> **ENTRIES SUPPLIED**
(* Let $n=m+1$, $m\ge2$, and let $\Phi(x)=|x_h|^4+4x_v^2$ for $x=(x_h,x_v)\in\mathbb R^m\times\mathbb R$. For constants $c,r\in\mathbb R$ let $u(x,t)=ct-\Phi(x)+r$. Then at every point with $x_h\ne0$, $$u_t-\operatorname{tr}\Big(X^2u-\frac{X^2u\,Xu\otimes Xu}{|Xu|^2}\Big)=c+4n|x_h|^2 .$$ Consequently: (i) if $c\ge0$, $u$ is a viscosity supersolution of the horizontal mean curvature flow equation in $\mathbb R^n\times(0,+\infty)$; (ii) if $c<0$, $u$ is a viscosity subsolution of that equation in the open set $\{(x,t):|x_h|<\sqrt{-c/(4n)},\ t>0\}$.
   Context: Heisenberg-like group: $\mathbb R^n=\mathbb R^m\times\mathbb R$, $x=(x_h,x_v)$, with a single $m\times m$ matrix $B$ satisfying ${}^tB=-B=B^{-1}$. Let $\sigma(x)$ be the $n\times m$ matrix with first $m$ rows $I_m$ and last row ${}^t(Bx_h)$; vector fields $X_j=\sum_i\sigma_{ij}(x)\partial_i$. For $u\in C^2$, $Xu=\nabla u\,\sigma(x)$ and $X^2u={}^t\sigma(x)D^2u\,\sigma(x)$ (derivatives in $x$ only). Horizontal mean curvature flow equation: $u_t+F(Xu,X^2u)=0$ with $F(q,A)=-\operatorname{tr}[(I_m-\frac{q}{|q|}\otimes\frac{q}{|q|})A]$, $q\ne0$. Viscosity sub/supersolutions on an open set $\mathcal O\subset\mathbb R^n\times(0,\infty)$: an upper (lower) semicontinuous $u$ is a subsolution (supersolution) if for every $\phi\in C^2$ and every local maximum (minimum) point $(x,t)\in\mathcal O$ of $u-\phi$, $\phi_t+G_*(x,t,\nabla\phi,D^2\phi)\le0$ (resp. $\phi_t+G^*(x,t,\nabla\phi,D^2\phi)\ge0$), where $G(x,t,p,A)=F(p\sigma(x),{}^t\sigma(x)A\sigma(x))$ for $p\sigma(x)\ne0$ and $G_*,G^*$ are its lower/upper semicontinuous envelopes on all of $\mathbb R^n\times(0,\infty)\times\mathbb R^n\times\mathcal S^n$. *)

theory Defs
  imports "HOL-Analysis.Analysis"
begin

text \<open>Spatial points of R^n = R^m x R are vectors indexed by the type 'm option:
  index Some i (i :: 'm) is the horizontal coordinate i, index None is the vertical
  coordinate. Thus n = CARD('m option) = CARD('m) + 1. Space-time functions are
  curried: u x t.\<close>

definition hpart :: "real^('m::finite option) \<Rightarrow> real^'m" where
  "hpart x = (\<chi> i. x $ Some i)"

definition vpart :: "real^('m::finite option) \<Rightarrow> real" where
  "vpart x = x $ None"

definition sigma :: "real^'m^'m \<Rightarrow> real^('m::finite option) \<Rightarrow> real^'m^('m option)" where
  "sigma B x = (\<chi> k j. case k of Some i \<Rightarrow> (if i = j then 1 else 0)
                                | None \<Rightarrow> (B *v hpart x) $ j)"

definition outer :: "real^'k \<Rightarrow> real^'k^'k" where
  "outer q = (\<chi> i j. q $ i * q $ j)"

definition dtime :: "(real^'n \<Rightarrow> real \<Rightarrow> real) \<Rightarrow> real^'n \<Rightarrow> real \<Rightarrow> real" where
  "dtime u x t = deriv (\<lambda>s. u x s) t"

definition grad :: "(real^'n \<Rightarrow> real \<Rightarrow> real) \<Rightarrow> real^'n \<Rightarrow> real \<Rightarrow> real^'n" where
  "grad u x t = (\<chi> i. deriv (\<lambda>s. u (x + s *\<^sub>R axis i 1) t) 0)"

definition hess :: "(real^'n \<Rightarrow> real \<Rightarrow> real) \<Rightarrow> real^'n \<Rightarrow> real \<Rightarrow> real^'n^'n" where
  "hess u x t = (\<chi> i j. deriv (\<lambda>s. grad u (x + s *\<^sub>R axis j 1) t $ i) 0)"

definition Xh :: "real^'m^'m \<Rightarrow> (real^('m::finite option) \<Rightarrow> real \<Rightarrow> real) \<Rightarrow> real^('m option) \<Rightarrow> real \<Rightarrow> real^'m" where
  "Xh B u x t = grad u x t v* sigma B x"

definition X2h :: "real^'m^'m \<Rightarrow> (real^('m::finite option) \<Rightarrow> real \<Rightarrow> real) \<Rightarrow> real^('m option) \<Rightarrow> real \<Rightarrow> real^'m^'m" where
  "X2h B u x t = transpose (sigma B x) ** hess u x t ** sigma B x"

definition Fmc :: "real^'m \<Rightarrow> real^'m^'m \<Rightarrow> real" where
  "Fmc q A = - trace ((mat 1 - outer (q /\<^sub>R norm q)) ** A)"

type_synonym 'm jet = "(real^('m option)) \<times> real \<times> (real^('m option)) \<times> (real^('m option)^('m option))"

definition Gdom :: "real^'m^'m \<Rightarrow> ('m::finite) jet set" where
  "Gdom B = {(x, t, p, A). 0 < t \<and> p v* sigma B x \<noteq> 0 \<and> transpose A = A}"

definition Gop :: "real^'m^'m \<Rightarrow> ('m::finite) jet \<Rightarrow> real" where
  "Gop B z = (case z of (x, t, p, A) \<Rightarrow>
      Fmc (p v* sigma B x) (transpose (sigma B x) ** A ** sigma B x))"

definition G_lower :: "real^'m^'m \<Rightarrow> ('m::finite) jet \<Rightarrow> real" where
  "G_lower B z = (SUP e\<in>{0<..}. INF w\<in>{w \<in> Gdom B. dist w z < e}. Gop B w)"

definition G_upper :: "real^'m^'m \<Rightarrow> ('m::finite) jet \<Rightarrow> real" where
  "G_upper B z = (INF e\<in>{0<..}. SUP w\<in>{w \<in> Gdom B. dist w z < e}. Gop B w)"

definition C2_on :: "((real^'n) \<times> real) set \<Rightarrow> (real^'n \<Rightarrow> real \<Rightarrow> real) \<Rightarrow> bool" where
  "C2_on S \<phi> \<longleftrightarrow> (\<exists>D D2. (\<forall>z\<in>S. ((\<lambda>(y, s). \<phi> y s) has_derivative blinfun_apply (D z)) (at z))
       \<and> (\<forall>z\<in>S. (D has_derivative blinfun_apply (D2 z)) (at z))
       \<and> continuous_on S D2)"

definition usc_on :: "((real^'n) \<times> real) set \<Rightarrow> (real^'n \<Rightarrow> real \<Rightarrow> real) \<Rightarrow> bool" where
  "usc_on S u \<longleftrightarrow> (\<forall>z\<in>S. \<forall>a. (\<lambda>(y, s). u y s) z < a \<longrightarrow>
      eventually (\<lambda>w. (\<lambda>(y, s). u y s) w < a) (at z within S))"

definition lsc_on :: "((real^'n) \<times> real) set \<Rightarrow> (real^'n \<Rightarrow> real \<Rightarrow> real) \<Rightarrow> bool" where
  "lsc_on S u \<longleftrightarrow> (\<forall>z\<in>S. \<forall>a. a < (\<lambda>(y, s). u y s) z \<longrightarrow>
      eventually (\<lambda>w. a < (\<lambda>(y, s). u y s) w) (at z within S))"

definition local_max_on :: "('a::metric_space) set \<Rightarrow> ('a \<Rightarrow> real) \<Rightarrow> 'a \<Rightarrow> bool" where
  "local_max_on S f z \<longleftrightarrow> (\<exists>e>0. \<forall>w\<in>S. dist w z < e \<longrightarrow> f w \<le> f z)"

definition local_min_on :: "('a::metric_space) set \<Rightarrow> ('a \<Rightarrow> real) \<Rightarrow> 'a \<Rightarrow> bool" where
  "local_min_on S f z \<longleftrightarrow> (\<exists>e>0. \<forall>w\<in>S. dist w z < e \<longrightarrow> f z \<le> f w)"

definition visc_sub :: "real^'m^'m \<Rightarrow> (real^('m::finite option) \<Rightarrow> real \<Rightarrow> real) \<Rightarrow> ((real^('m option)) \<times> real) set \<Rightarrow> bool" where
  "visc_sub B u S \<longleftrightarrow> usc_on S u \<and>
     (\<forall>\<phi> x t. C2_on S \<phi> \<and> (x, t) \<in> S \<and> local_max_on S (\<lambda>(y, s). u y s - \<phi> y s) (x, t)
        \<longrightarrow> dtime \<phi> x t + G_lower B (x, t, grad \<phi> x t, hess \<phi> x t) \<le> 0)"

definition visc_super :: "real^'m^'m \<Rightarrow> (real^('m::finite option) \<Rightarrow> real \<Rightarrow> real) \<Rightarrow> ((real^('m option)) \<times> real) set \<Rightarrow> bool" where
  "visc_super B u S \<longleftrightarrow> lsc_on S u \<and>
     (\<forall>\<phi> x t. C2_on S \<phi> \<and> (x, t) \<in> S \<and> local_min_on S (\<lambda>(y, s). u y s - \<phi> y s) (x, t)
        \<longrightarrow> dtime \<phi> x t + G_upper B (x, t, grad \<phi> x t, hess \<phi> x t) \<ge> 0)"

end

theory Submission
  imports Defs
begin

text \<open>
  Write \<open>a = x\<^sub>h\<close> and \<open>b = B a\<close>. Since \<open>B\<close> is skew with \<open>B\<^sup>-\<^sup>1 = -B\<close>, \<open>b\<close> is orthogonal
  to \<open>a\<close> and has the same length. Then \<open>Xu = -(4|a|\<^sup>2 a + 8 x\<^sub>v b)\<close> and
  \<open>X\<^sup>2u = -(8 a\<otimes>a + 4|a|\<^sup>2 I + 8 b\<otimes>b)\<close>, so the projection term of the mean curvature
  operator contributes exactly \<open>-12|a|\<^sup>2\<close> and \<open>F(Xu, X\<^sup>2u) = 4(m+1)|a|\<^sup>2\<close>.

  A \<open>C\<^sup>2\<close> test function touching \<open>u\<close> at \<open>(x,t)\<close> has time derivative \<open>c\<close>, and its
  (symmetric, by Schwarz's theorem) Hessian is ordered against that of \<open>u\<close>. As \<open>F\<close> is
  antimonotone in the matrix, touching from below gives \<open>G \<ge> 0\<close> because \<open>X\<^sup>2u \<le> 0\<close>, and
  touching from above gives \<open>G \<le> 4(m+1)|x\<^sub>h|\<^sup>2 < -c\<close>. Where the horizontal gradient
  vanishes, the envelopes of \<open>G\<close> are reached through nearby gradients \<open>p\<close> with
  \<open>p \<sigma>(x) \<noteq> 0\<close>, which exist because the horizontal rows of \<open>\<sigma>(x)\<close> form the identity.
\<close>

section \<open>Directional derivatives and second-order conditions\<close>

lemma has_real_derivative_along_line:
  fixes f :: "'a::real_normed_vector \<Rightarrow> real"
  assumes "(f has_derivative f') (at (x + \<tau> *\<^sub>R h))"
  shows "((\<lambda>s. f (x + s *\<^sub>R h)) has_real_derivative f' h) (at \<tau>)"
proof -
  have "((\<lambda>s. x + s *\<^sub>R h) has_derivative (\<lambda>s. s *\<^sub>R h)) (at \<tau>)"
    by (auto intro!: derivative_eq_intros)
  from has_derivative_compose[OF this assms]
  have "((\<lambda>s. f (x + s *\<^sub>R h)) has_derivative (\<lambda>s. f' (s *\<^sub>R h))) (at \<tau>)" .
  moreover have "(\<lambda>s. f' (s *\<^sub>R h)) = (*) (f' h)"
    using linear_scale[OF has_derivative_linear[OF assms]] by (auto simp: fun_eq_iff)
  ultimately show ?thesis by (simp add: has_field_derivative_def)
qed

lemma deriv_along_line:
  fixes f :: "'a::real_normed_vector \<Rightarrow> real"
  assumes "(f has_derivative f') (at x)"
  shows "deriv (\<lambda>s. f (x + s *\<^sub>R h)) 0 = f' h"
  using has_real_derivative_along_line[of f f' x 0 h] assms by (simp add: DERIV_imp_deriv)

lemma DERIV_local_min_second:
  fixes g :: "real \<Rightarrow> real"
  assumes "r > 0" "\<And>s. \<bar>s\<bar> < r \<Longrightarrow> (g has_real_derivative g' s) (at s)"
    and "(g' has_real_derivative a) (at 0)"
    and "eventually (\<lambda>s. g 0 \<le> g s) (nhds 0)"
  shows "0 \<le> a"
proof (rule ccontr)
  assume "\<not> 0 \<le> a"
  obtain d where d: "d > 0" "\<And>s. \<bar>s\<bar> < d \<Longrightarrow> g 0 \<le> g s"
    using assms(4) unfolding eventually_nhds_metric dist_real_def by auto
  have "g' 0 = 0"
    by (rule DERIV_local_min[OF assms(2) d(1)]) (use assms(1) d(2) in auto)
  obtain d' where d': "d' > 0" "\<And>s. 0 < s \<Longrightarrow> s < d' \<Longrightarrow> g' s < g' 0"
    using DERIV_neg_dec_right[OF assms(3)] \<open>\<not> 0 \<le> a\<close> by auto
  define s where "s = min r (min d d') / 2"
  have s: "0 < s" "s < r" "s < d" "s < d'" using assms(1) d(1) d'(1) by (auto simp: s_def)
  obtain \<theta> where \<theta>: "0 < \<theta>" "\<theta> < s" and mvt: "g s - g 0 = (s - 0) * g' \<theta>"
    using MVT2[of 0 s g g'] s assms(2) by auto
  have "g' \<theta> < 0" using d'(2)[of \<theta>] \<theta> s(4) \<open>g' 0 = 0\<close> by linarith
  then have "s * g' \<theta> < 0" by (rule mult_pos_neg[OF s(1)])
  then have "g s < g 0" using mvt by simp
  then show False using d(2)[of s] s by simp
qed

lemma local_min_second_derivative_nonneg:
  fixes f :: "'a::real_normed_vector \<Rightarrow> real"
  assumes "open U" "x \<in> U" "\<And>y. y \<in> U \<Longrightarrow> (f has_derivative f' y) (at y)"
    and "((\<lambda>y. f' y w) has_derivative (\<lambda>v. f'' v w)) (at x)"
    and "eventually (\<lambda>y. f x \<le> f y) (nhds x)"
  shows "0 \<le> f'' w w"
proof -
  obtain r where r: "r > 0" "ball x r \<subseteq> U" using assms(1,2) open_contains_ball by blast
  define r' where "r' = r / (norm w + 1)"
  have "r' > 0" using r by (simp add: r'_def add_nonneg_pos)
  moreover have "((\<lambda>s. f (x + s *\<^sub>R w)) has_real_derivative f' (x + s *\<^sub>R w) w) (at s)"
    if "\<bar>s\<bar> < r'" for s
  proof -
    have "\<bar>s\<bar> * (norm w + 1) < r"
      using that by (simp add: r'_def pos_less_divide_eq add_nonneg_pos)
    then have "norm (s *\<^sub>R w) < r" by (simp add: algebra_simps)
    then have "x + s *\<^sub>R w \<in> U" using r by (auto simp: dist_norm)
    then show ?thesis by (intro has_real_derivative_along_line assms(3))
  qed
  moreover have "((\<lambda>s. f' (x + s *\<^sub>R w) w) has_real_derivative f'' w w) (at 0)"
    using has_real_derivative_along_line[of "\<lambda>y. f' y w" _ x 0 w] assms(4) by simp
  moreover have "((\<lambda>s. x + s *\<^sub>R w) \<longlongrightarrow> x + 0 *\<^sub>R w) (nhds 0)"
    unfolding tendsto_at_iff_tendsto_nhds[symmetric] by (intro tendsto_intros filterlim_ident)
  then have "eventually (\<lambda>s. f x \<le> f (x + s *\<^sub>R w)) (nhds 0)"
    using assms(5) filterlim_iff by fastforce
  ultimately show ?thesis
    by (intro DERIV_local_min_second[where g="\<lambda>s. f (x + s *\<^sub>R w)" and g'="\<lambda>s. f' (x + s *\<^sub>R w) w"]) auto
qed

...

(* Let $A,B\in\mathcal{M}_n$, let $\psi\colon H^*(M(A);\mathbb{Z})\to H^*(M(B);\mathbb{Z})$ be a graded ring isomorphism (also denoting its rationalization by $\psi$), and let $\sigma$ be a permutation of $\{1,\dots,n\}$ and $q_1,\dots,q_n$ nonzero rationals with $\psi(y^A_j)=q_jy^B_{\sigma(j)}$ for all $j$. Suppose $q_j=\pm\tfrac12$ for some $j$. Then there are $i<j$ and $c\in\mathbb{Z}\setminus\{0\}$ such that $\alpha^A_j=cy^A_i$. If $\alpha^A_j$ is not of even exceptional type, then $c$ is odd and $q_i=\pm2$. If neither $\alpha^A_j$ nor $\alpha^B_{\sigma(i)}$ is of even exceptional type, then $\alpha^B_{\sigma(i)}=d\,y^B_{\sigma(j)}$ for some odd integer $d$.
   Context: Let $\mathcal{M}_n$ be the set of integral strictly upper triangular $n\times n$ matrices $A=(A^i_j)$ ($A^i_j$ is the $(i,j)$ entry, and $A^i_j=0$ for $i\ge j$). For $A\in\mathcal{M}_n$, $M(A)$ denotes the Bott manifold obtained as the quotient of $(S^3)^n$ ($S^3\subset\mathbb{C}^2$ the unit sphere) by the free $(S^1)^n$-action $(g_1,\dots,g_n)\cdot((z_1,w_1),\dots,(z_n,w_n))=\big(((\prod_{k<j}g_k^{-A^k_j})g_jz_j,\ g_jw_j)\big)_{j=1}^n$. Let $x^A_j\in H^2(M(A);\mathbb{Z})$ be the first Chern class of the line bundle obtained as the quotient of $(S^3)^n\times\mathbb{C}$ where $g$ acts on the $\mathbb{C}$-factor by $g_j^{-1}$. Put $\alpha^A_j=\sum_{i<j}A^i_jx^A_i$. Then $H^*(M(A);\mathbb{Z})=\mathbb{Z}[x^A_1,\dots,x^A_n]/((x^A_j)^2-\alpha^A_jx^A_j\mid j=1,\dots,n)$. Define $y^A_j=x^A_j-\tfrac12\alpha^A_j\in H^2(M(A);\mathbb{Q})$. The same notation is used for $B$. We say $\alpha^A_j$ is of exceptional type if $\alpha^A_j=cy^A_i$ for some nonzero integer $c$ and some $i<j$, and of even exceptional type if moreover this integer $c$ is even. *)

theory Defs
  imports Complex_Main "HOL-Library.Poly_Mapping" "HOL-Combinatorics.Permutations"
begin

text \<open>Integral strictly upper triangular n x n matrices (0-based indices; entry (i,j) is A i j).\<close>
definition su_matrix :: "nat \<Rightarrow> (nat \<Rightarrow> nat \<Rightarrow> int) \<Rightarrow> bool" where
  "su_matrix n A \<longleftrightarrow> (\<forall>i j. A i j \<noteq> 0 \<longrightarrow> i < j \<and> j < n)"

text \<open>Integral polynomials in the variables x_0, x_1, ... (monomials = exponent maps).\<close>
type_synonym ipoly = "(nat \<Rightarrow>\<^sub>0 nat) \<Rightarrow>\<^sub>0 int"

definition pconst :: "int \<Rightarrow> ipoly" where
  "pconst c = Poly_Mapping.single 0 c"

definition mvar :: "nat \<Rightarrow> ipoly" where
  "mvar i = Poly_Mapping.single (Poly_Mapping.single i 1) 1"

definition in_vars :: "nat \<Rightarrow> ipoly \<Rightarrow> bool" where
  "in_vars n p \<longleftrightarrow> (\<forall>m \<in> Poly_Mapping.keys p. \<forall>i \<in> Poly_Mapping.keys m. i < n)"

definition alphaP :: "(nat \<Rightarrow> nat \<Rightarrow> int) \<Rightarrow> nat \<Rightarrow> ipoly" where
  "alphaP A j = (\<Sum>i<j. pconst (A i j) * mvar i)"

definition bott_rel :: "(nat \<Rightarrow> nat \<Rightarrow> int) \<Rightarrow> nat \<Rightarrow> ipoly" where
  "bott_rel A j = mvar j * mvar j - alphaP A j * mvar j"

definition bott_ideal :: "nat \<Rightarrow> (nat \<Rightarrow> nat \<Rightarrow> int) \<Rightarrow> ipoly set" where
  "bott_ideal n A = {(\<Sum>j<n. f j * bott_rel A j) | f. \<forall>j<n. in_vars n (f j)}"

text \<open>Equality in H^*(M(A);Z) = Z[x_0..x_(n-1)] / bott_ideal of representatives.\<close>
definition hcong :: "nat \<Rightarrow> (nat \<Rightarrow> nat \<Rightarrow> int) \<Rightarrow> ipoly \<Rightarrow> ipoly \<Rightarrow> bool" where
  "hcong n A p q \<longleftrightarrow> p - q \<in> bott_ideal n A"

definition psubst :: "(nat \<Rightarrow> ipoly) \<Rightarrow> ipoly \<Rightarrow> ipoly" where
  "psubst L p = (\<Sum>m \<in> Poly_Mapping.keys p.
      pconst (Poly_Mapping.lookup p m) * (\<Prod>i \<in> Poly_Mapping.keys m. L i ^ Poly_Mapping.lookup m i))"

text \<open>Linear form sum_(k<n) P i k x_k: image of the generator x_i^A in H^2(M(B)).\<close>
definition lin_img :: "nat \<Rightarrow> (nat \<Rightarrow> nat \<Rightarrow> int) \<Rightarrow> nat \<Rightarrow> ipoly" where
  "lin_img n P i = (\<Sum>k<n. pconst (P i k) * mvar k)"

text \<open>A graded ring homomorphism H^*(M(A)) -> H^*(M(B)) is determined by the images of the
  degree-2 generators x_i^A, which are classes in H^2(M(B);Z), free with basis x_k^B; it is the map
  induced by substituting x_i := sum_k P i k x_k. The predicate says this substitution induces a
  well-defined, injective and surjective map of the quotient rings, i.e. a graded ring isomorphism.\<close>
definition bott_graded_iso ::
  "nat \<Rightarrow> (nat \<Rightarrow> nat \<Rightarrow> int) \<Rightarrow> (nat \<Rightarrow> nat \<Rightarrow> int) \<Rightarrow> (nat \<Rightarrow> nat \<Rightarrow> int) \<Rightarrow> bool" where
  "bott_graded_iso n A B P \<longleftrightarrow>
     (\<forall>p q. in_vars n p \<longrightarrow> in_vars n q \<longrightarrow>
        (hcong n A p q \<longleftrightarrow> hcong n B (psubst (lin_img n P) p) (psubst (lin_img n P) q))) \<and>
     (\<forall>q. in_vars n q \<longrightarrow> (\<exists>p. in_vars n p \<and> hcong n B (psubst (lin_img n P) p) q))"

> **WHAT YOU NEED TO DO**
Print only what lies in the material above starting at the line with "(hcong n A p" and ending at the line with "(\<forall>q. in_vars n", every line exactly as given.

> **COMPLETED TASK**
        (hcong n A p q \<longleftrightarrow> hcong n B (psubst (lin_img n P) p) (psubst (lin_img n P) q))) \<and>
     (\<forall>q. in_vars n q \<longrightarrow> (\<exists>p. in_vars n p \<and> hcong n B (psubst (lin_img n P) p) q))"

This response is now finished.